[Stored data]
━━━━━━━━
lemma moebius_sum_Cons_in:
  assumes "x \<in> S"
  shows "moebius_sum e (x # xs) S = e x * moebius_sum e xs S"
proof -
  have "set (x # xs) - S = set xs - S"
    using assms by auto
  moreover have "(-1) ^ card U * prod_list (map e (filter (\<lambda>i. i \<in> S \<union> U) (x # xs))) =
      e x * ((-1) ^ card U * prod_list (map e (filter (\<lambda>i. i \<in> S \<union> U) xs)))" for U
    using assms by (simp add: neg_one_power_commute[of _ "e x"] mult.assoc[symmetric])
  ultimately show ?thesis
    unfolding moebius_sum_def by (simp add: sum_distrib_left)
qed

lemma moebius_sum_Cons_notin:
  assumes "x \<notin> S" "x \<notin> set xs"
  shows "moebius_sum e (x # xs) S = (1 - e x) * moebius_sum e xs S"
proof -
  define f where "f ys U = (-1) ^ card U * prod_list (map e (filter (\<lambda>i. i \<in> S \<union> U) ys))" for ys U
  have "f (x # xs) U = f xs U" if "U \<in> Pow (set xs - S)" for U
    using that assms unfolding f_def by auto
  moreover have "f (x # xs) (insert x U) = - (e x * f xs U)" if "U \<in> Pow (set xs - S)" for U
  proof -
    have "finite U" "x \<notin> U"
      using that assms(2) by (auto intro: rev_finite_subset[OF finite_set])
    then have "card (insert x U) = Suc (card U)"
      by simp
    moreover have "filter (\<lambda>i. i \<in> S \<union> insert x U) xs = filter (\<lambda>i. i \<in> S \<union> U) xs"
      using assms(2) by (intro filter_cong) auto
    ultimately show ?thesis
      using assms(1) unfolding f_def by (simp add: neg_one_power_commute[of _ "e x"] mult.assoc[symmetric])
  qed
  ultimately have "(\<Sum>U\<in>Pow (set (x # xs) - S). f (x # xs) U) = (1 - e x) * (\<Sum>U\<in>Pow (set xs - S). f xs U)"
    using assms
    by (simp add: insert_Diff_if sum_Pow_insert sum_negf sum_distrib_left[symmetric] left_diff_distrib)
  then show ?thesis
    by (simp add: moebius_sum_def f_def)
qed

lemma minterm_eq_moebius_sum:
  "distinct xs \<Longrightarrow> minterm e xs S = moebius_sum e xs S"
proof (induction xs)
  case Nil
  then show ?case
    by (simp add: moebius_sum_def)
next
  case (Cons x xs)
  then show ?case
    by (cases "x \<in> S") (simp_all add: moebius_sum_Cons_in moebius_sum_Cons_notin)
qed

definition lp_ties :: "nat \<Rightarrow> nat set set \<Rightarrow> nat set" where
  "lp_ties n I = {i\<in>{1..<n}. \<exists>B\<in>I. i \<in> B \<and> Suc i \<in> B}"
━━━━━━━━
§ **Task goal**
Start with the line that contains "e x * ((-1) ^ card", end with the last line of the entries, and please retype every line in that span exactly, with no others.

§ **Answer to the problem**
      e x * ((-1) ^ card U * prod_list (map e (filter (\<lambda>i. i \<in> S \<union> U) xs)))" for U
    using assms by (simp add: neg_one_power_commute[of _ "e x"] mult.assoc[symmetric])
  ultimately show ?thesis
    unfolding moebius_sum_def by (simp add: sum_distrib_left)
qed

lemma moebius_sum_Cons_notin:
  assumes "x \<notin> S" "x \<notin> set xs"
  shows "moebius_sum e (x # xs) S = (1 - e x) * moebius_sum e xs S"
proof -
  define f where "f ys U = (-1) ^ card U * prod_list (map e (filter (\<lambda>i. i \<in> S \<union> U) ys))" for ys U
  have "f (x # xs) U = f xs U" if "U \<in> Pow (set xs - S)" for U
    using that assms unfolding f_def by auto
  moreover have "f (x # xs) (insert x U) = - (e x * f xs U)" if "U \<in> Pow (set xs - S)" for U
  proof -
    have "finite U" "x \<notin> U"
      using that assms(2) by (auto intro: rev_finite_subset[OF finite_set])
    then have "card (insert x U) = Suc (card U)"
      by simp
    moreover have "filter (\<lambda>i. i \<in> S \<union> insert x U) xs = filter (\<lambda>i. i \<in> S \<union> U) xs"
      using assms(2) by (intro filter_cong) auto
    ultimately show ?thesis
      using assms(1) unfolding f_def by (simp add: neg_one_power_commute[of _ "e x"] mult.assoc[symmetric])
  qed
  ultimately have "(\<Sum>U\<in>Pow (set (x # xs) - S). f (x # xs) U) = (1 - e x) * (\<Sum>U\<in>Pow (set xs - S). f xs U)"
    using assms
    by (simp add: insert_Diff_if sum_Pow_insert sum_negf sum_distrib_left[symmetric] left_diff_distrib)
  then show ?thesis
    by (simp add: moebius_sum_def f_def)
qed

lemma minterm_eq_moebius_sum:
  "distinct xs \<Longrightarrow> minterm e xs S = moebius_sum e xs S"
proof (induction xs)
  case Nil
  then show ?case
    by (simp add: moebius_sum_def)
next
  case (Cons x xs)
  then show ?case
    by (cases "x \<in> S") (simp_all add: moebius_sum_Cons_in moebius_sum_Cons_notin)
qed

definition lp_ties :: "nat \<Rightarrow> nat set set \<Rightarrow> nat set" where
  "lp_ties n I = {i\<in>{1..<n}. \<exists>B\<in>I. i \<in> B \<and> Suc i \<in> B}"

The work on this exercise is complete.